The New Apartment Development Cycle Targets Generation Y
- Sep 26, 2012
New York—The new apartment development cycle focuses on the needs and wants of a huge demographic group that is now entering prime renter age—Generation Y, said Rohit Anand, principal of KTGY Architecture+Planning. Anand was the keynote speaker at MHN’s 2012 Excellence Awards ceremony held this week in New York. The event was sponsored by Interface and Carnegie, two founding members of the commercial green building movement.
Multifamily developments targeting Gen Y are located in urban areas and cater to the generation’s greater sociability, sense of style and desire to live in 24-hour work-play-live cities. Anand, whose firm has designed for some of the top multifamily developers, including UDR, Bozutto and AvalonBay, cites as example AvalonBays’ line of “AVA” apartments which are aimed specifically at Gen Y in their design, branding and marketing.
The Gen Y demographic group, 80 million strong, is larger in size than the baby boomers, and they are also known to be the generation that is delaying traditional life events such as marriage, having children and/or homeownership. Studies from J. Turner Research show that location is by far the most important consideration for this demographic when selecting an apartment, said Anand.
The apartment community should ideally be located no more than 20 minutes to work or entertainment for these residents. Urban sites that have seen multifamily development more quickly are ones that are based on or near transit lines, added Anand. And the projects tend to be mixed-use, incorporating preferably a grocery store. Equity and debt financing, as well as technology company headquarters, also tend to be attracted to these sites, he noted.
Other top amenities that are most desired by Gen Y include: parking, which is “still very important,” according to Anand; fitness centers, which rank “very, very high”; and pool and yoga amenities, which rank higher for Gen Y than for other groups. In designing project amenities, the apartment industry appears to be learning from the hospitality industry, noted Anand. ”This is a social generation,” he said, and besides the space in their apartments, Gen Y residents need second and third gathering spaces—the second being the amenities area, and the third being the city itself.

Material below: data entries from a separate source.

lemma orbit_frob_vec: "orbit q m (frob_vec q k v) = orbit q m (v::nat \<Rightarrow> 'a)"
proof -
  have "orbit q m (frob_vec q k v) \<subseteq> orbit q m v" for k and v :: "nat \<Rightarrow> 'a"
  proof
    fix w assume "w \<in> orbit q m (frob_vec q k v)"
    then obtain i where "w = frob_vec q (i + k) v"
      by (auto simp: orbit_def frob_vec_frob_vec)
    then have "w = frob_vec q ((i + k) mod m) v" and "(i + k) mod m < m"
      using degree_pos frob_vec_mod by auto
    then show "w \<in> orbit q m v"
      by (auto simp: orbit_def)
  qed
  moreover have "m * k - k + k = m * k"
    using degree_pos by (simp add: le_add_diff_inverse2)
  then have "v = frob_vec q (m * k - k) (frob_vec q k v)"
    by (simp add: frob_vec_frob_vec frob_vec_degree_mult)
  ultimately show ?thesis
    by (metis subset_antisym)
qed

lemma frob_fixed_add: "frob q a (y::'a) = y \<Longrightarrow> frob q b y = y \<Longrightarrow> frob q (a + b) y = y"
  by (metis frob_frob)

lemma frob_fixed_diff:
  assumes "frob q a (y::'a) = y" "frob q b y = y" "b \<le> a"
  shows "frob q (a - b) y = y"
proof -
  have "frob q b (frob q (a - b) y) = frob q b y"
    using assms by (simp add: frob_frob)
  then show ?thesis
    by (rule frob_inj)
qed

lemma frob_fixed_gcd: "frob q a (y::'a) = y \<Longrightarrow> frob q b y = y \<Longrightarrow> frob q (gcd a b) y = y"
  using add_diff_closed_gcd[of "\<lambda>e. frob q e y = y"] frob_fixed_add frob_fixed_diff by blast

lemma frob_fixed_dvd:
  assumes "frob q a (y::'a) = y" and "a dvd b"
  shows "frob q b y = y"
proof -
  obtain k where "b = a * k"
    using assms(2) by blast
  then show ?thesis
    using add_diff_closed_mult[of "\<lambda>e. frob q e y = y"] frob_fixed_add frob_fixed_diff assms(1)
    by blast
qed

end

section \<open>Polynomial functions over F_q and traces\<close>

lemma fq_poly_cong: "fq_poly q S f \<Longrightarrow> \<forall>i\<in>S. v i = w i \<Longrightarrow> f v = f w"
  by (induction rule: fq_poly.induct) simp_all

lemma fq_poly_rename:
  "fq_poly q S f \<Longrightarrow> \<forall>i\<in>S. \<sigma> i \<in> T \<Longrightarrow> fq_poly q T (\<lambda>v. f (v \<circ> \<sigma>))"
  by (induction rule: fq_poly.induct) (simp_all add: fq_poly.intros)

lemma fq_poly_mono: "fq_poly q S f \<Longrightarrow> S \<subseteq> T \<Longrightarrow> fq_poly q T f"
  by (induction rule: fq_poly.induct) (auto intro: fq_poly.intros)

text \<open>Linear combinations with coefficients in F_(q^m) of polynomial functions over F_q,
  i.e. the polynomial functions over F_(q^m).\<close>

inductive fq_span :: "nat \<Rightarrow> nat set \<Rightarrow> ((nat \<Rightarrow> 'a::{field,finite}) \<Rightarrow> 'a) \<Rightarrow> bool"
  for q :: nat and S :: "nat set" where
  scale: "fq_poly q S g \<Longrightarrow> fq_span q S (\<lambda>v. c * g v)"
| add: "fq_span q S h1 \<Longrightarrow> fq_span q S h2 \<Longrightarrow> fq_span q S (\<lambda>v. h1 v + h2 v)"

lemma fq_span_const: "fq_span q S (\<lambda>v. c)"
  using fq_span.scale[OF fq_poly.const[of 1]] by (simp add: Fq_def)

lemma fq_span_var: "i \<in> S \<Longrightarrow> fq_span q S (\<lambda>v. v i)"
  using fq_span.scale[OF fq_poly.var, of i S q 1] by simp

lemma fq_span_scale: "fq_span q S h \<Longrightarrow> fq_span q S (\<lambda>v. c * h v)"
proof (induction rule: fq_span.induct)
  case (scale g c')
  then show ?case
    using fq_span.scale[of q S g "c * c'"] by (simp add: mult.assoc)
next
  case (add h1 h2)
  then show ?case
    using fq_span.add by (simp add: distrib_left)
qed

lemma fq_span_mult_fq_poly: "fq_span q S h \<Longrightarrow> fq_poly q S g \<Longrightarrow> fq_span q S (\<lambda>v. h v * g v)"
proof (induction rule: fq_span.induct)
  case (scale g' c)
  then show ?case
    using fq_span.scale[OF fq_poly.mult[of q S g' g], of c] by (simp add: mult.assoc)
next
  case (add h1 h2)
  then show ?case
    using fq_span.add by (simp add: distrib_right)
qed

lemma fq_span_mult: "fq_span q S h \<Longrightarrow> fq_span q S h' \<Longrightarrow> fq_span q S (\<lambda>v. h v * h' v)"
proof (induction rule: fq_span.induct)
  case (scale g c)
  then have "fq_span q S (\<lambda>v. c * (h' v * g v))"
    by (intro fq_span_scale fq_span_mult_fq_poly)
  then show ?case
    by (simp add: mult_ac)
next
  case (add h1 h2)
  then show ?case
    using fq_span.add by (simp add: distrib_right)
qed

lemma fq_span_power: "fq_span q S h \<Longrightarrow> fq_span q S (\<lambda>v. h v ^ k)"
  by (induction k) (simp_all add: fq_span_const fq_span_mult)

lemma fq_span_prod:
  "(\<And>a. a \<in> A \<Longrightarrow> fq_span q S (g a)) \<Longrightarrow> fq_span q S (\<lambda>v. \<Prod>a\<in>A. g a v)"
  by (induction A rule: infinite_finite_induct) (simp_all add: fq_span_const fq_span_mult)

definition point_indicator :: "nat set \<Rightarrow> (nat \<Rightarrow> 'a::{field,finite}) \<Rightarrow> (nat \<Rightarrow> 'a) \<Rightarrow> 'a" where
  "point_indicator S w v = (\<Prod>i\<in>S. 1 - (v i - w i) ^ (card (UNIV :: 'a set) - 1))"
definition kdim :: "nat \<Rightarrow> bool \<Rightarrow> real \<Rightarrow> nat" where
  "kdim d lg s = (if lg then (if d = 1 then 1 else 0)
                  else (if max 0 (real d - 2) < s then 1 else 0))"

definition gam :: "nat \<Rightarrow> bool \<Rightarrow> real \<Rightarrow> real" where
  "gam d lg s = (if lg then 0 else if max 0 (real d - 2) < s then s - real d + 1 else 0)"

text \<open>Radial profile of the kernel: g(eta) is the value of g at |X| = eta.\<close>
definition gprof :: "bool \<Rightarrow> real \<Rightarrow> real \<Rightarrow> real" where
  "gprof lg s r = (if lg then - ln r else r powr (- s))"

definition gker :: "bool \<Rightarrow> real \<Rightarrow> 'b::real_normed_vector \<Rightarrow> real" where
  "gker lg s X = gprof lg s (norm X)"

definition gtrunc :: "bool \<Rightarrow> real \<Rightarrow> real \<Rightarrow> 'b::real_normed_vector \<Rightarrow> real" where
  "gtrunc lg s \<eta> X = min (gker lg s X) (gprof lg s \<eta>)"

text \<open>Gradient (0 at points of non-differentiability, a null set here).\<close>
definition vgrad :: "('b::real_inner \<Rightarrow> real) \<Rightarrow> 'b \<Rightarrow> 'b" where
  "vgrad f X = (if \<exists>D. GDERIV f X :> D then (SOME D. GDERIV f X :> D) else 0)"

definition cube :: "real \<Rightarrow> 'a::euclidean_space set" where
  "cube R = cbox (- (R / 2) *\<^sub>R One) ((R / 2) *\<^sub>R One)"
lemma geometric_coordinate_u:
  assumes d: "d > 0" and sq: "\<And>u v. \<bar>u - u0\<bar> \<le> 2*d \<Longrightarrow> \<bar>v - v0\<bar> \<le> 2*d \<Longrightarrow> (u,v) \<in> D"
    and lam_sep: "\<And>u v. \<bar>u - u0\<bar> \<le> 2*d \<Longrightarrow> \<bar>v - v0\<bar> \<le> 2*d \<Longrightarrow> lam x Phi nu u v = lam x Phi nu u v0"
  obtains P p where
    "\<forall>s\<in>{P (u0-d)<..<P (u0+d)}. p s \<in> {u0-d<..<u0+d} \<and> P (p s) = s
      \<and> (p has_real_derivative exp (- lam x Phi nu (p s) v0)) (at s)"
    "\<forall>u\<in>{u0-d<..<u0+d}. P u \<in> {P (u0-d)<..<P (u0+d)} \<and> p (P u) = u"
    "smooth_on2 ({P (u0-d)<..<P (u0+d)} \<times> UNIV) (\<lambda>s t. p s)"
    "smooth_on2 ({u0-d<..<u0+d} \<times> {v0-d<..<v0+d}) (\<lambda>u v. P u)"
proof -
  define A B where "A = {u0-d<..<u0+d}" and "B = {v0-d<..<v0+d}"
  have box: "\<bar>u - u0\<bar> \<le> 2*d" "\<bar>v - v0\<bar> \<le> 2*d" if "u \<in> A" "v \<in> B" for u v
    using that d by (auto simp: A_def B_def abs_le_iff)
  have AB: "open (A \<times> B)" "A \<times> B \<subseteq> D" "v0 \<in> B"
    using box sq d by (auto simp: A_def B_def intro: open_Times)
  have smooth_lam_AB: "smooth_on2 (A \<times> B) (lam x Phi nu)"
    by (rule smooth_on2_subset[OF smooth_lam AB(2)])
  have "continuous_on {u0-2*d..u0+2*d} (\<lambda>u. (\<lambda>(u,v). lam x Phi nu u v) (u, v0))"
    by (rule continuous_on_compose2[OF smooth_on2_continuous[OF smooth_lam]])
      (use sq d in \<open>auto intro!: continuous_intros simp: abs_le_iff\<close>)
  then have "continuous_on {u0-2*d..u0+2*d} (\<lambda>u. exp (lam x Phi nu u v0))"
    by (auto intro: continuous_on_exp)
  from exists_inverse_pair_with_density[OF d this exp_gt_zero]
  obtain P p where P: "\<And>u. u \<in> {u0-d..u0+d} \<Longrightarrow> (P has_real_derivative exp (lam x Phi nu u v0)) (at u)"
      "\<And>u. u \<in> A \<Longrightarrow> P u \<in> {P (u0-d)<..<P (u0+d)} \<and> p (P u) = u"
      "\<And>s. s \<in> {P (u0-d)<..<P (u0+d)} \<Longrightarrow> p s \<in> A \<and> P (p s) = s
        \<and> (p has_real_derivative inverse (exp (lam x Phi nu (p s) v0))) (at s)"
    unfolding A_def by auto
  show ?thesis
  proof (rule that, fold A_def B_def)
    show "\<forall>s\<in>{P (u0-d)<..<P (u0+d)}. p s \<in> A \<and> P (p s) = s
        \<and> (p has_real_derivative exp (- lam x Phi nu (p s) v0)) (at s)"
      using P(3) by (simp add: exp_minus)
    then show "smooth_on2 ({P (u0-d)<..<P (u0+d)} \<times> UNIV) (\<lambda>s t. p s)"
      using AB(3)
      by (intro smooth_on2_ode_solution_fst[OF AB(1) _ smooth_on2_exp[OF AB(1) smooth_on2_uminus[OF AB(1) smooth_lam_AB]]])
        (auto intro: open_Times)
    show "smooth_on2 (A \<times> B) (\<lambda>u v. P u)"
    proof (rule smooth_on2_antiderivative_fst[OF AB(1) smooth_on2_exp[OF AB(1) smooth_lam_AB]], clarify)
      fix u v assume uv: "u \<in> A" "v \<in> B"
      then have "lam x Phi nu u v = lam x Phi nu u v0" using lam_sep box by blast
      then show "(P has_real_derivative exp (lam x Phi nu u v)) (at u)" using P(1)[of u] uv by (simp add: A_def)
    qed
  qed (use P(2) in blast)
qed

Some of the latest trends in the layout of common areas involve mixing uses and removing walls previously separating the various areas, said Anand. For example, the bar, lounge and fireplace may now all be located in one area, separated only by furnishings or furniture. The leasing area may be mixed into the general amenity areas during busy evening hours. Business centers may be open, and even the theater may no longer be enclosed. Instead, it may have a barn door that can closed if needed.
The plentiful use of glass to achieve a look of transparency in the common areas is another popular trend borrowed from the hospitality industry, said Anand. Outside spaces, involving the use of outdoor fireplaces and fire pits, are also becoming more important, even in cold regions. Fitness areas that provide spaces for yoga or pilates—that may be rented out or used by instructors—are also seen as being very popular, said Anand. Dog and cat wash areas, garden plots and bike repair shops are other new amenities now being offered. “People are very serious about their bikes” today, said Anand.
Generally, four to five story woodframe construction seems to be the product of choice among developers for these urban infill developments, he added. Densities have been increasing in the latest development cycle. Whereas woodframe podiums in the previous development cycle may have had densities of 150 units per acre, Anand said there are many projects in the current cycle that achieve densities of as much as 200 units per acre with the same product type. The new projects are incorporating two levels in the podium and five levels above, for a total of seven woodframe levels.
As densities increase, apartment sizes are also becoming smaller. Anand said that the net average square feet may be falling from 800 square feet to 702 square feet. In the suburbs, he noted, they have also declined, from 1,100 square feet to 950 square feet.